Switching gears, I wanted to ask you about your upcoming work schedule. I see that you’re doing the Naked Gun sequel. After a spate of intense action movies, I would imagine it must be appealing to do a comedy. What else appealed to you about taking that on?

It’s funny because right before Christmas, my sons and I were looking through the Academy screeners and trying to find something silly, some still, stupid movie that we could giggle at. There was none, of course, as they were all very heavy and international. I mean, brilliant movies, but all very heavy. When Seth MacFarlane approached me about it — this was about two years ago, now — I thought, yeah, I guess I could do that as long as I play it dead seriously and not try and imitate Mr.
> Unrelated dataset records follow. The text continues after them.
(* Let $h$ be the height function of a single-species TASEP with arbitrary initial condition, and let $x(\cdot)$ be a backwards path with respect to $h$ started at some time $t$. Let $t_1<t_2$ in $[0,t]$ and $x_1,x_2\in\mathbb{Z}$, and suppose $x(t_1)\ge x_1$ and $x(t_2)\ge x_2$. Let $x^{\mathrm{step},l}(\tau)$, $\tau\in[t_1,t_2]$, be the leftmost backwards path with respect to $h^{\mathrm{step}}_{x_1,t_1}$ starting at time $t_2$ from position $x_2$, all processes being coupled by basic coupling. Then $x(\tau)\ge x^{\mathrm{step},l}(\tau)$ for all $\tau\in[t_1,t_2]$.
   Context: Single-species TASEP (graphical construction): independent rate-one Poisson processes $\mathcal{P}_z$, $z\in\mathbb{Z}$; at each ring of $\mathcal{P}_z$ (a jump attempt at site $z$) a particle at $z$, if any, jumps to $z+1$ if $z+1$ is empty. Basic coupling: several TASEPs are constructed with the same Poisson processes. A height function $h(j,s)$ of a TASEP satisfies $h(j,s)-h(j-1,s)=1-2\eta_s(j)$ ($\eta_s(j)=1$ iff a particle is at $j$), and each jump of a particle from $j$ to $j+1$ at time $s$ increases $h(j,\cdot)$ by $2$ and leaves all other values unchanged. For $y\in\mathbb{Z}$, $\tau\ge0$, $h^{\mathrm{step}}_{y,\tau}$ denotes the height function of the TASEP started at time $\tau$ from particles on all sites $\le y$ and holes on all sites $>y$, normalised by $h^{\mathrm{step}}_{y,\tau}(j,\tau)=|j-y|$. Backwards path with respect to a height function $h$, started at time $t$ from $x(t)=x$: a piecewise constant path defined going backwards in time; it changes only at times $s$ at which there is a jump attempt at site $x(s)$. At such a time: if a jump occurred, i.e. $h(x(s),s)=h(x(s),s^-)+2$, set $x(s^-)=x(s)$; otherwise choose $x(s^-)\in\{x(s)-1,x(s)+1\}$ such that $h(x(s^-),s)=h(x(s),s)-1$. The rightmost (resp. leftmost) backwards path always chooses $x(s)+1$ (resp. $x(s)-1$) when this choice is allowed. *)

theory Defs
  imports "HOL-Analysis.Analysis"
begin

text \<open>A realisation of the clocks is a
family P of point sets, P z = set of jump-attempt times at site z. We assume the
almost-sure properties of independent rate-one Poisson processes: all points are
positive, finitely many in every bounded time window, and distinct sites never ring
simultaneously.\<close>

definition clock_realisation :: "(int \<Rightarrow> real set) \<Rightarrow> bool" where
  "clock_realisation P \<longleftrightarrow>
     (\<forall>z. P z \<subseteq> {0<..}) \<and>
     (\<forall>z T. finite (P z \<inter> {..T})) \<and>
     (\<forall>z z'. z \<noteq> z' \<longrightarrow> P z \<inter> P z' = {})"

definition hleft :: "(int \<Rightarrow> real \<Rightarrow> int) \<Rightarrow> int \<Rightarrow> real \<Rightarrow> int" where
  "hleft h j s = Lim (at_left s) (h j)"

definition occupied :: "(int \<Rightarrow> int) \<Rightarrow> int \<Rightarrow> bool" where
  "occupied g j \<longleftrightarrow> g j - g (j - 1) = -1"

text \<open>h is the height function of a TASEP started at time tau (arbitrary initial
condition) and driven by the clocks P: increments are +-1; h(j,.) is constant between
jump attempts at site j (right-continuous); at a jump attempt at site j at time s the
particle at j (if any) jumps to j+1 if j+1 is empty, which increases h(j,.) by 2.\<close>
definition tasep_height :: "(int \<Rightarrow> real set) \<Rightarrow> real \<Rightarrow> (int \<Rightarrow> real \<Rightarrow> int) \<Rightarrow> bool" where
  "tasep_height P \<tau> h \<longleftrightarrow>
     (\<forall>j s. \<tau> \<le> s \<longrightarrow> h j s - h (j - 1) s \<in> {-1, 1}) \<and>
     (\<forall>j s s'. \<tau> \<le> s \<and> s \<le> s' \<and> P j \<inter> {s<..s'} = {} \<longrightarrow> h j s' = h j s) \<and>
     (\<forall>j s. s \<in> P j \<and> \<tau> < s \<longrightarrow>
        h j s = hleft h j s +
          (if occupied (\<lambda>k. hleft h k s) j \<and> \<not> occupied (\<lambda>k. hleft h k s) (j + 1)
           then 2 else 0))"

definition step_height :: "(int \<Rightarrow> real set) \<Rightarrow> int \<Rightarrow> real \<Rightarrow> (int \<Rightarrow> real \<Rightarrow> int) \<Rightarrow> bool" where
  "step_height P y \<tau> h \<longleftrightarrow> tasep_height P \<tau> h \<and> (\<forall>j. h j \<tau> = \<bar>j - y\<bar>)"

definition backwards_path ::
  "(int \<Rightarrow> real set) \<Rightarrow> (int \<Rightarrow> real \<Rightarrow> int) \<Rightarrow> real \<Rightarrow> real \<Rightarrow> (real \<Rightarrow> int) \<Rightarrow> bool" where
  "backwards_path P h a t x \<longleftrightarrow>
     (\<forall>s. a \<le> s \<and> s < t \<longrightarrow> (x \<longlongrightarrow> x s) (at_right s)) \<and>
     (\<forall>s. a < s \<and> s \<le> t \<longrightarrow> (\<exists>v. (x \<longlongrightarrow> v) (at_left s) \<and>
        (s \<notin> P (x s) \<longrightarrow> v = x s) \<and>
        (s \<in> P (x s) \<and> h (x s) s = hleft h (x s) s + 2 \<longrightarrow> v = x s) \<and>
        (s \<in> P (x s) \<and> h (x s) s \<noteq> hleft h (x s) s + 2 \<longrightarrow>
           (v = x s - 1 \<or> v = x s + 1) \<and> h v s = h (x s) s - 1)))"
Leslie Nielsen. He was wonderful. Akiva Schaffer is directing it and he’s from the [Saturday Night Live] world. I’m looking forward to it. It’s a good script, and there’s a few laugh out loud moments in it.

Also on your schedule, I see a movie called Cold Storage from director Jonny Campbell about a fungus that wreaks havoc on the world. Your mother-in-law, Vanessa Redgrave, has a role in the film. You share a close bond, and even an agent in CAA’s Chris Andrews. How did it come about that you’re both in this film and what was it like to work together?

Well, I had absolutely no scenes with Vanessa at all. In fact, the day she started work was the day I actually flew back home from Rome. But we were in the same hotel and so we had dinner. Her character and her scenes in the film, she’s probably going to steal the movie. She’s perfect casting for it. It’s a good script and a good story. But, yeah, she’s going to steal the fecking movie.

Two years ago, during an interview on NBC’s Today show with Willie Geist, you talked about conquering the action genre. At the time, you said you weren’t sure how much longer you were going to be able to do that on the eve of turning 70. Has anything changed?

I’m 72 in June, for God’s sake. But there are a couple of scripts I’m interested in that I probably won’t get to until 2025 that aren’t specifically action-oriented. This one that I did in Melbourne, [Ice Road 2: Road to the Sky], there’s a bit of action. But, I think the day when my fight coordinator, Mark Vanselow, says to me, “Look, Liam, I should step in and do these,” I will know when to call it quits. Audiences are innately intelligent and they’ll know when you’re past your prime in regards to throwing punches and firing guns, but I’m not there yet. I might have one or two left in me. I’ve been very privileged and honored to be a part of the action genre since that first Taken movie, which we shot now 16, 17 or 18 years ago.

Where do you go from here?

Just focusing on The Naked Gun. We start in May, well May or June, in Atlanta, Georgia. After that, we’ll see. There’s nothing definite.